[Dataset entries]

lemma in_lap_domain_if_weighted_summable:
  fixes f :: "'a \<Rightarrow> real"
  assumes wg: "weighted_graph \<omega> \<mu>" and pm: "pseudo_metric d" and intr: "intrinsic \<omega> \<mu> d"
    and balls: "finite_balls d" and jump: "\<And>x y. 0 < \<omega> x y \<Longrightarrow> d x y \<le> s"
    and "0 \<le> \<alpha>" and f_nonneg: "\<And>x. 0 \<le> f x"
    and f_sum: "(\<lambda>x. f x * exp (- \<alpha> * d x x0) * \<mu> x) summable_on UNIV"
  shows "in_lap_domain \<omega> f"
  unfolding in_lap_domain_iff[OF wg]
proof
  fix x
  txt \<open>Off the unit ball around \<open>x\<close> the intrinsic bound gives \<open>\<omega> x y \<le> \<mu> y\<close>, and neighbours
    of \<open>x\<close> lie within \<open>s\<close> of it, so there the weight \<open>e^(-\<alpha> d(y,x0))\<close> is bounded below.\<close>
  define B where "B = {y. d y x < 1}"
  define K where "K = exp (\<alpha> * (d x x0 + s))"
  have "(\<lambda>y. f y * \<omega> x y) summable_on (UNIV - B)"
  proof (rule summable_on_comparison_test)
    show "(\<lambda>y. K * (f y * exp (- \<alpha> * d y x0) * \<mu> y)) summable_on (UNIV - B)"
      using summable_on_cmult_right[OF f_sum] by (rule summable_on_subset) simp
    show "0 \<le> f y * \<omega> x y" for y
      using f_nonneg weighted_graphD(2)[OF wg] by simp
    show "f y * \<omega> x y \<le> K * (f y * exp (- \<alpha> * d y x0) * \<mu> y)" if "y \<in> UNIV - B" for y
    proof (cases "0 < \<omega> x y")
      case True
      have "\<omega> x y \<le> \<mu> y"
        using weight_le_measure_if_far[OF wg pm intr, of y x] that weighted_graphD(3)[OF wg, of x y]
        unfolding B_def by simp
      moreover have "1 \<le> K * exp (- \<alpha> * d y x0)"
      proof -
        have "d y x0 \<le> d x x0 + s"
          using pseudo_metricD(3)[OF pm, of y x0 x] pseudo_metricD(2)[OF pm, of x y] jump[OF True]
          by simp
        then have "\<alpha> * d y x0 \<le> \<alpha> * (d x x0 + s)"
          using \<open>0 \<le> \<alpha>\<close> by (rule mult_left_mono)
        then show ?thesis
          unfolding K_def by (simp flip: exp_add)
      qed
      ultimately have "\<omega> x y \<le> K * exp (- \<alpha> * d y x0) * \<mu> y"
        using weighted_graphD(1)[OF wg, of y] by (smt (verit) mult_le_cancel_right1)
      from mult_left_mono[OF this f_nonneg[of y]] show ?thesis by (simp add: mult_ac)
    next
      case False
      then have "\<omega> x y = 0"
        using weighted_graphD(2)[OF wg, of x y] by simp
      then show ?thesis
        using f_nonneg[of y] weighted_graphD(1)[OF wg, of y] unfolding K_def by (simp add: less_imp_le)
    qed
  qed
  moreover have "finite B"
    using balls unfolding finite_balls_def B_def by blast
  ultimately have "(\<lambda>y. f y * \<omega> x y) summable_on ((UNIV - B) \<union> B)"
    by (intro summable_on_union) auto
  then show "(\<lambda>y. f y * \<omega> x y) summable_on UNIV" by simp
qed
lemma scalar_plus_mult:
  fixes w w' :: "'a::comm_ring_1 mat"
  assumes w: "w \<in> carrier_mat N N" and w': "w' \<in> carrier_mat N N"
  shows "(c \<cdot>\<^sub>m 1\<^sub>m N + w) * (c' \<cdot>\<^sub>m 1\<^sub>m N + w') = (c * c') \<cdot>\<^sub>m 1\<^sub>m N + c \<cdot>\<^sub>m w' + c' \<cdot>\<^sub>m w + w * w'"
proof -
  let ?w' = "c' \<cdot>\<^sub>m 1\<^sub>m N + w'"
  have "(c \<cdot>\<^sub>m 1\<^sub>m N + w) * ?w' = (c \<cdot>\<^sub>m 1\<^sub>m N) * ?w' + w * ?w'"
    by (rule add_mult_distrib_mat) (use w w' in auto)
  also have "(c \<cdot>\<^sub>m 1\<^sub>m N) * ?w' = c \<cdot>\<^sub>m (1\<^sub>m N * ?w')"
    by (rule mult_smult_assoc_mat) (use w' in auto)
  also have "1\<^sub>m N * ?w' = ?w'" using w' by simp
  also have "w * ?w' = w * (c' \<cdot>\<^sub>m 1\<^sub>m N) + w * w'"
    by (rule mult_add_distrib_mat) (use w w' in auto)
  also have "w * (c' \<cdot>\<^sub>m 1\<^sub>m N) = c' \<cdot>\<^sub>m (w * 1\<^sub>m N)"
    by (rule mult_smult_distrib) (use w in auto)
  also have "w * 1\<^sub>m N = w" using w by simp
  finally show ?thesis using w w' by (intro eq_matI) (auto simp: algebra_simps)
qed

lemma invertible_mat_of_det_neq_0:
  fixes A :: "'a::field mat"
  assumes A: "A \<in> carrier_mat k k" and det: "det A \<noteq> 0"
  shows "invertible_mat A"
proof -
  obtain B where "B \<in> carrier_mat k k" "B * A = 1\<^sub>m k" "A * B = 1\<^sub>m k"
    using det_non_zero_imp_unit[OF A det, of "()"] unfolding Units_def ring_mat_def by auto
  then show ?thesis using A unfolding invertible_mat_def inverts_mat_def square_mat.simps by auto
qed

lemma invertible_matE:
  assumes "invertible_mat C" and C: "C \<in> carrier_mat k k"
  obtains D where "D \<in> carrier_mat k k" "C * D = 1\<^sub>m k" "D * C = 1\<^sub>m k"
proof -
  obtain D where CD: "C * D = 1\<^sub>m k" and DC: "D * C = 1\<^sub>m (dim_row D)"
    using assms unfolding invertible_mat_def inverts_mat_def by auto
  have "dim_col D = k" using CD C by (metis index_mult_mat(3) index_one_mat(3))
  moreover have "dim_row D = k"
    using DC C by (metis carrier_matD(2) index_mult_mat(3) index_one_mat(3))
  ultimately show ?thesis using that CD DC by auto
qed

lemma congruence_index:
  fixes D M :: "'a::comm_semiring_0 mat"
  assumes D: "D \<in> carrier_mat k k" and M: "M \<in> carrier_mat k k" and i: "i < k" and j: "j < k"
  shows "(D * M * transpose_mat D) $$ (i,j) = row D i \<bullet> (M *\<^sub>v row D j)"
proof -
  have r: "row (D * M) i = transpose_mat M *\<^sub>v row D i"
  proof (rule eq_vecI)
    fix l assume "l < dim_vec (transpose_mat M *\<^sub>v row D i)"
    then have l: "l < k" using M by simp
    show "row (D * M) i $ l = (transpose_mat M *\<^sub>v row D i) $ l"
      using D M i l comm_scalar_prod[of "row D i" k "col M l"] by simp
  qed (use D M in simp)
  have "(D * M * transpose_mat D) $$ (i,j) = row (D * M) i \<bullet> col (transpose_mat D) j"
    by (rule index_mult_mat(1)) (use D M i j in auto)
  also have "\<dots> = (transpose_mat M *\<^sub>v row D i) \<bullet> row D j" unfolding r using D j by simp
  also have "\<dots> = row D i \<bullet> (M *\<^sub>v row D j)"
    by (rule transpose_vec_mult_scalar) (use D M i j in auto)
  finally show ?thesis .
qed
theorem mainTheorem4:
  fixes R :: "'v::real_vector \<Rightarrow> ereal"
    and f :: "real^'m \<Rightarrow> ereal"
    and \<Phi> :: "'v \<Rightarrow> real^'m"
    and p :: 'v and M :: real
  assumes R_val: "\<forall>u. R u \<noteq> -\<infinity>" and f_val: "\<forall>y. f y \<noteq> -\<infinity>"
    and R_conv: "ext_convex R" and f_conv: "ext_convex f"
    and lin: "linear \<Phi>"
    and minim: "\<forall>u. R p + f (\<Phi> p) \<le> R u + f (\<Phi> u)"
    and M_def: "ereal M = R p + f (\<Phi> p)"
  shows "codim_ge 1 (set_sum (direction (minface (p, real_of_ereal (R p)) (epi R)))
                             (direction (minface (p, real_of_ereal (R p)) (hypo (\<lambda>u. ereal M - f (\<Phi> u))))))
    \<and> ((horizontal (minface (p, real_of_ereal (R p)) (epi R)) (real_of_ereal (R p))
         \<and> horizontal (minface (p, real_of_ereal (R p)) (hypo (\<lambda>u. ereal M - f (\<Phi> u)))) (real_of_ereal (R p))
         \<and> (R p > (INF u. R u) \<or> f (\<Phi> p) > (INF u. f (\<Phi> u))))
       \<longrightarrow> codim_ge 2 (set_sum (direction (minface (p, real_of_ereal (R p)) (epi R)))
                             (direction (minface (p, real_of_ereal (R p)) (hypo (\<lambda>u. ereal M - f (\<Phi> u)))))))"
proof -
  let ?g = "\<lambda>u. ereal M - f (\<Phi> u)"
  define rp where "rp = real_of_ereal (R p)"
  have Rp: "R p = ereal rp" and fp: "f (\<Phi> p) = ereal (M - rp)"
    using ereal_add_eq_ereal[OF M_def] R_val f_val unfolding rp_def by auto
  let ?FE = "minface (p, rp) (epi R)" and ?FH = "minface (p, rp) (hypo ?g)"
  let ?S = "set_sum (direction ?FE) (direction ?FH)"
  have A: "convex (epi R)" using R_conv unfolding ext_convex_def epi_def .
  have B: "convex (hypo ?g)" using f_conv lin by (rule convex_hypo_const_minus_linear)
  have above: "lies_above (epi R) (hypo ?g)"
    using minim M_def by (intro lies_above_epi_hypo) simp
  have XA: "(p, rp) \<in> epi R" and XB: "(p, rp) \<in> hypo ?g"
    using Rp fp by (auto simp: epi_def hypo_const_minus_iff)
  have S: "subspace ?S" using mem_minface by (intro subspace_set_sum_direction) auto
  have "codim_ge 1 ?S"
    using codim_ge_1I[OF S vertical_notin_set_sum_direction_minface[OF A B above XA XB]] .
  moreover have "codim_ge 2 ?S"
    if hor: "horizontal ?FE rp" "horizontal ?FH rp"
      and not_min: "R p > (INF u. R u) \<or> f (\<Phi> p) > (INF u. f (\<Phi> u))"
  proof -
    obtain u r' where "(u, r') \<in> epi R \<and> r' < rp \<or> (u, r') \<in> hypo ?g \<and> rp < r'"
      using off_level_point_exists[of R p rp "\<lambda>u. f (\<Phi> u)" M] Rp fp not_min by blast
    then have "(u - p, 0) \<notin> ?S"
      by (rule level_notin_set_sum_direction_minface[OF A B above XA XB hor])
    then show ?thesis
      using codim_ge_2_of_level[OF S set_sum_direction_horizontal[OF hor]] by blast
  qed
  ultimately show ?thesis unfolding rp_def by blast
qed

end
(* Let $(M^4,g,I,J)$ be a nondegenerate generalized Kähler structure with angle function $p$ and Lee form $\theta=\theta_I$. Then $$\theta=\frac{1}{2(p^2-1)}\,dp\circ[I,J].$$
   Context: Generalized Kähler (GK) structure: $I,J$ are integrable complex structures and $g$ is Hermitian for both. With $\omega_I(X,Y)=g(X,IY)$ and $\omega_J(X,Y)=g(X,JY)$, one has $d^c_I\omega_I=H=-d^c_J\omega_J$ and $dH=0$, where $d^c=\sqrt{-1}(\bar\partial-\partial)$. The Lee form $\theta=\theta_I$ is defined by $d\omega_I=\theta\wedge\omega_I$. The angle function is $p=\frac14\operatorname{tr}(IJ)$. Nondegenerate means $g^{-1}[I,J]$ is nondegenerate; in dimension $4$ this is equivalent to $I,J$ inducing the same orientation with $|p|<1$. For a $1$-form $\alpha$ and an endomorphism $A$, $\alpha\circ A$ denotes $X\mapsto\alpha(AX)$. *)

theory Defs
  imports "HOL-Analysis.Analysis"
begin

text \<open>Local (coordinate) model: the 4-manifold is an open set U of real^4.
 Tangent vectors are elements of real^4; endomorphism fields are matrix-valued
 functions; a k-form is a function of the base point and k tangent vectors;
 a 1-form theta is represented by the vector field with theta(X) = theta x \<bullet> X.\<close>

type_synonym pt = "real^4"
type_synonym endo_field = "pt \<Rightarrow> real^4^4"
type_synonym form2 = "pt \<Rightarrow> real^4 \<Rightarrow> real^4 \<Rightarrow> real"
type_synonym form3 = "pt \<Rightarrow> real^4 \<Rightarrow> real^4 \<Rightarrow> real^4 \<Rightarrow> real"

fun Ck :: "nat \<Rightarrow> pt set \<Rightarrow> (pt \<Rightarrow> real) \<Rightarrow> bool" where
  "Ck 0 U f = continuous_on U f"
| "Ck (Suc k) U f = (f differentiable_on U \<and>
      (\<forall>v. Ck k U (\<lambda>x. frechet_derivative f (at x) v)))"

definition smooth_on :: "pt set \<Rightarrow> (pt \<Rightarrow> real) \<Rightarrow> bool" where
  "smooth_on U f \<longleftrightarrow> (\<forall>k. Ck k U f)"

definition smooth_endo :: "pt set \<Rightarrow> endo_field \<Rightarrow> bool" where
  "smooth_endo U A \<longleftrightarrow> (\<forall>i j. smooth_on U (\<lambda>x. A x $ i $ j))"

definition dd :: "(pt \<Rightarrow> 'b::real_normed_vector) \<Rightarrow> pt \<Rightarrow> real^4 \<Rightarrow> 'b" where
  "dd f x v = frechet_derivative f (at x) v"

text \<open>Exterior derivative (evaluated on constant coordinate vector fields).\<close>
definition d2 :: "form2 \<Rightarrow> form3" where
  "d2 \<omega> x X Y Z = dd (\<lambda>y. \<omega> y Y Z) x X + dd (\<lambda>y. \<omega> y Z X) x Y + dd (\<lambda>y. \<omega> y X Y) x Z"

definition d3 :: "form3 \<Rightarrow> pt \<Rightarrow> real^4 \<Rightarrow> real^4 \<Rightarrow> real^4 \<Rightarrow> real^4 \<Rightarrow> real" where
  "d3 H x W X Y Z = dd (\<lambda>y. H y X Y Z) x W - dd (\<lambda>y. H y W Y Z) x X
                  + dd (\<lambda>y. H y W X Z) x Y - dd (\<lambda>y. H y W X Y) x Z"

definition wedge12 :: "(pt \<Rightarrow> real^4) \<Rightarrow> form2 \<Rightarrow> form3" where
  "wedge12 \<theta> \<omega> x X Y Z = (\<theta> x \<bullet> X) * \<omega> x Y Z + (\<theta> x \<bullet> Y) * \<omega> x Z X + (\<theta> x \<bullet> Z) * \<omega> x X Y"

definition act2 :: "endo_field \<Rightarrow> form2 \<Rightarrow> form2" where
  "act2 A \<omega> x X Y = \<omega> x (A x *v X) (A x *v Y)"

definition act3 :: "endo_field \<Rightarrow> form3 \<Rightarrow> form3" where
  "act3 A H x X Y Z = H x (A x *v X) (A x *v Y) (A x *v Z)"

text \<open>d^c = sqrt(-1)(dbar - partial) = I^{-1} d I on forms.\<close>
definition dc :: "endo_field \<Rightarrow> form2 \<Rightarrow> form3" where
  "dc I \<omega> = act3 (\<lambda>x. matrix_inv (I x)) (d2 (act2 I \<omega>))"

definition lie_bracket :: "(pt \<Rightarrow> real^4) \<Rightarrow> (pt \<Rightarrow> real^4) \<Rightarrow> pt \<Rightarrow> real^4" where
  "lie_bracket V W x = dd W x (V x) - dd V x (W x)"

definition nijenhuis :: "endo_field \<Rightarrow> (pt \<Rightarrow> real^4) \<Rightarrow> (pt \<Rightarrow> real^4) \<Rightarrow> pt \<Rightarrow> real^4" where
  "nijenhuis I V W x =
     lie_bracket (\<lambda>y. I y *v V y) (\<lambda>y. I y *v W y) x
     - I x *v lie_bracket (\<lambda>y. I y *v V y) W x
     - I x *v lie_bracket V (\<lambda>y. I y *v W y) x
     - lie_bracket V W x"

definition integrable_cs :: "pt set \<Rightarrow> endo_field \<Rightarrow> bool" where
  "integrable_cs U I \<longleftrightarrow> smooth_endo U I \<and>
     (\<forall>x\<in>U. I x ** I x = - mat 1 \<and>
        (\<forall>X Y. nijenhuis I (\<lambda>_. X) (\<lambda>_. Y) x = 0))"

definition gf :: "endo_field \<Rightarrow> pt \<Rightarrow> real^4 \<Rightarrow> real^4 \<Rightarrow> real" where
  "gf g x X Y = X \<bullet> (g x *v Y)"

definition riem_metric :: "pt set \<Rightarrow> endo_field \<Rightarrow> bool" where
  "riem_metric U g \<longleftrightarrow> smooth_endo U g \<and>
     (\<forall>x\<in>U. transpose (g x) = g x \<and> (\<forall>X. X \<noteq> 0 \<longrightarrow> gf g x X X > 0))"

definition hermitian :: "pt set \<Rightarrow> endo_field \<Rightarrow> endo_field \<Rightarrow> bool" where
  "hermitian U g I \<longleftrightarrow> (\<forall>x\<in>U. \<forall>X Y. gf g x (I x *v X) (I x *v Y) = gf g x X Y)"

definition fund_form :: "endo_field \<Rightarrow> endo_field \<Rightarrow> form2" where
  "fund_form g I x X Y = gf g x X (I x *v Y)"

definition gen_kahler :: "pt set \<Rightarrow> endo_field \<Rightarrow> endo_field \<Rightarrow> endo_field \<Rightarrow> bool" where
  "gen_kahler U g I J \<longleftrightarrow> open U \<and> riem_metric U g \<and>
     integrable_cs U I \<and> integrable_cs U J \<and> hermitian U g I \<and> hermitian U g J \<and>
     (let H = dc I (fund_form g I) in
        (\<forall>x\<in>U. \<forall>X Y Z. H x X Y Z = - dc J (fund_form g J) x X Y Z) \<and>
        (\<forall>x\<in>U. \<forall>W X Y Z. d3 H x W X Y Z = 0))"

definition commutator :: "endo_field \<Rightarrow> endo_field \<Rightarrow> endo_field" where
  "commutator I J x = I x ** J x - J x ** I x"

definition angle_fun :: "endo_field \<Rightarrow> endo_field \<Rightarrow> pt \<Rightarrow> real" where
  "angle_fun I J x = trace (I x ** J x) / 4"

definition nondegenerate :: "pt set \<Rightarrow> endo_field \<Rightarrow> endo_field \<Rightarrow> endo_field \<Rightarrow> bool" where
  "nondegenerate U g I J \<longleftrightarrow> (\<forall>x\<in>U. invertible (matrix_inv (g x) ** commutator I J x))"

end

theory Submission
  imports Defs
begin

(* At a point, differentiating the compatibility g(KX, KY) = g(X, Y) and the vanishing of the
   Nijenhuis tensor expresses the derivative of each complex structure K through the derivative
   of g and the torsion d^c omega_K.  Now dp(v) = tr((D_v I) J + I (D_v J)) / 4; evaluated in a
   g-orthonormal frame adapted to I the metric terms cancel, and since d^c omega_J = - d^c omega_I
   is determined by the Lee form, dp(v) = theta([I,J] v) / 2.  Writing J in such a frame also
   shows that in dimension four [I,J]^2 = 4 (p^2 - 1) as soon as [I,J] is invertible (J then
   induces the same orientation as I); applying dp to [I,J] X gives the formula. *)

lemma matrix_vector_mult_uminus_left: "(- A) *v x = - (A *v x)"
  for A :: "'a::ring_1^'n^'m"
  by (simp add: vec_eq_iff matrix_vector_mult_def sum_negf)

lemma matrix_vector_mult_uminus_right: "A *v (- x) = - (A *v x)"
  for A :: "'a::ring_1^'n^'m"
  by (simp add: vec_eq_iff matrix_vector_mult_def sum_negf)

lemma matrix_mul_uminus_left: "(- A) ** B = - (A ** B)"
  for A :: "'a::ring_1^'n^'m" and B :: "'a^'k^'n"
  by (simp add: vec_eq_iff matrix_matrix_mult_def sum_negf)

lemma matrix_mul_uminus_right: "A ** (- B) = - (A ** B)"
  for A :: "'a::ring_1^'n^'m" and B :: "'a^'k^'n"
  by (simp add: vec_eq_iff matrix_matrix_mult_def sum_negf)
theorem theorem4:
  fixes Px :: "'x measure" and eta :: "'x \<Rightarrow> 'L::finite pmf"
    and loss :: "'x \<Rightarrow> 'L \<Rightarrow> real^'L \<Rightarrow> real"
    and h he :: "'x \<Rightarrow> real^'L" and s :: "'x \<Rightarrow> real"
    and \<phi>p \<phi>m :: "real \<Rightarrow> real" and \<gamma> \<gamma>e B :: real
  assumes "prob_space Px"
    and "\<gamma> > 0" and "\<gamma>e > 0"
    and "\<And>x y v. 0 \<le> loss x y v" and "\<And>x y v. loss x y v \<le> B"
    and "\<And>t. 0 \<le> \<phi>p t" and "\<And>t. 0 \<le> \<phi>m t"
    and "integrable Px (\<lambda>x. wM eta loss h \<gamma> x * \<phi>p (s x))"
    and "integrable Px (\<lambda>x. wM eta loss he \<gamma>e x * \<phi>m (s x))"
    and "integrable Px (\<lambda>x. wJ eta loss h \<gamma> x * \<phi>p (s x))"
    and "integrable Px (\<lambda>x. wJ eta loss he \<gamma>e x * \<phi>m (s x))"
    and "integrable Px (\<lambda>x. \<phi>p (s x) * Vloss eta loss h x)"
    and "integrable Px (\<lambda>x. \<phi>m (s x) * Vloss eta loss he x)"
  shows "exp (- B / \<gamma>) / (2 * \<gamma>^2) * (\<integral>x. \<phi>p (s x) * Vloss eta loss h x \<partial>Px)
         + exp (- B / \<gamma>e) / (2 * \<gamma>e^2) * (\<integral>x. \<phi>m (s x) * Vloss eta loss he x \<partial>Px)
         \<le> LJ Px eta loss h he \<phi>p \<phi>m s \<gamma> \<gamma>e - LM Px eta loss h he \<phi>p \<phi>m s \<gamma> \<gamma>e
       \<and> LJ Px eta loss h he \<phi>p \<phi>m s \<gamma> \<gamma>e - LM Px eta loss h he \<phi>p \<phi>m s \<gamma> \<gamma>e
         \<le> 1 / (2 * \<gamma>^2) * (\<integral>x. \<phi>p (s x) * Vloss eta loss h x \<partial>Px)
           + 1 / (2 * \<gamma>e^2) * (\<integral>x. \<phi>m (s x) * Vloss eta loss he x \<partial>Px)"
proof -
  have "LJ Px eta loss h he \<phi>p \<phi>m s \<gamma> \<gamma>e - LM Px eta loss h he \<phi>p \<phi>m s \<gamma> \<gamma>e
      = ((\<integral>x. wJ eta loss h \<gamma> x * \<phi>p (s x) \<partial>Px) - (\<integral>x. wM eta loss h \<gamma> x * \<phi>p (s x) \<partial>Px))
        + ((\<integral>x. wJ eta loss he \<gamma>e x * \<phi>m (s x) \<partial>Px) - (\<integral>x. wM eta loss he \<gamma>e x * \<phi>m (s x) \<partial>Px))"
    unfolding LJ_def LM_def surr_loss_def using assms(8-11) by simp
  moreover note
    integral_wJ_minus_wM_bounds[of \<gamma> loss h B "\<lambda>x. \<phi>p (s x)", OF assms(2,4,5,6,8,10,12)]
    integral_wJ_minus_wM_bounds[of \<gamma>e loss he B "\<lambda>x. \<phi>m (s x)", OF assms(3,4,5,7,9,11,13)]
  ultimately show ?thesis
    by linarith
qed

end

* [Exercise brief]: Among the entries, find each line that includes the string "ultimately" and copy it.

* [Written reply]:
      ultimately have "\<omega> x y \<le> K * exp (- \<alpha> * d y x0) * \<mu> y"
  ultimately have "(\<lambda>y. f y * \<omega> x y) summable_on ((UNIV - B) \<union> B)"
  ultimately show ?thesis using that CD DC by auto
  ultimately show ?thesis unfolding rp_def by blast
  ultimately show ?thesis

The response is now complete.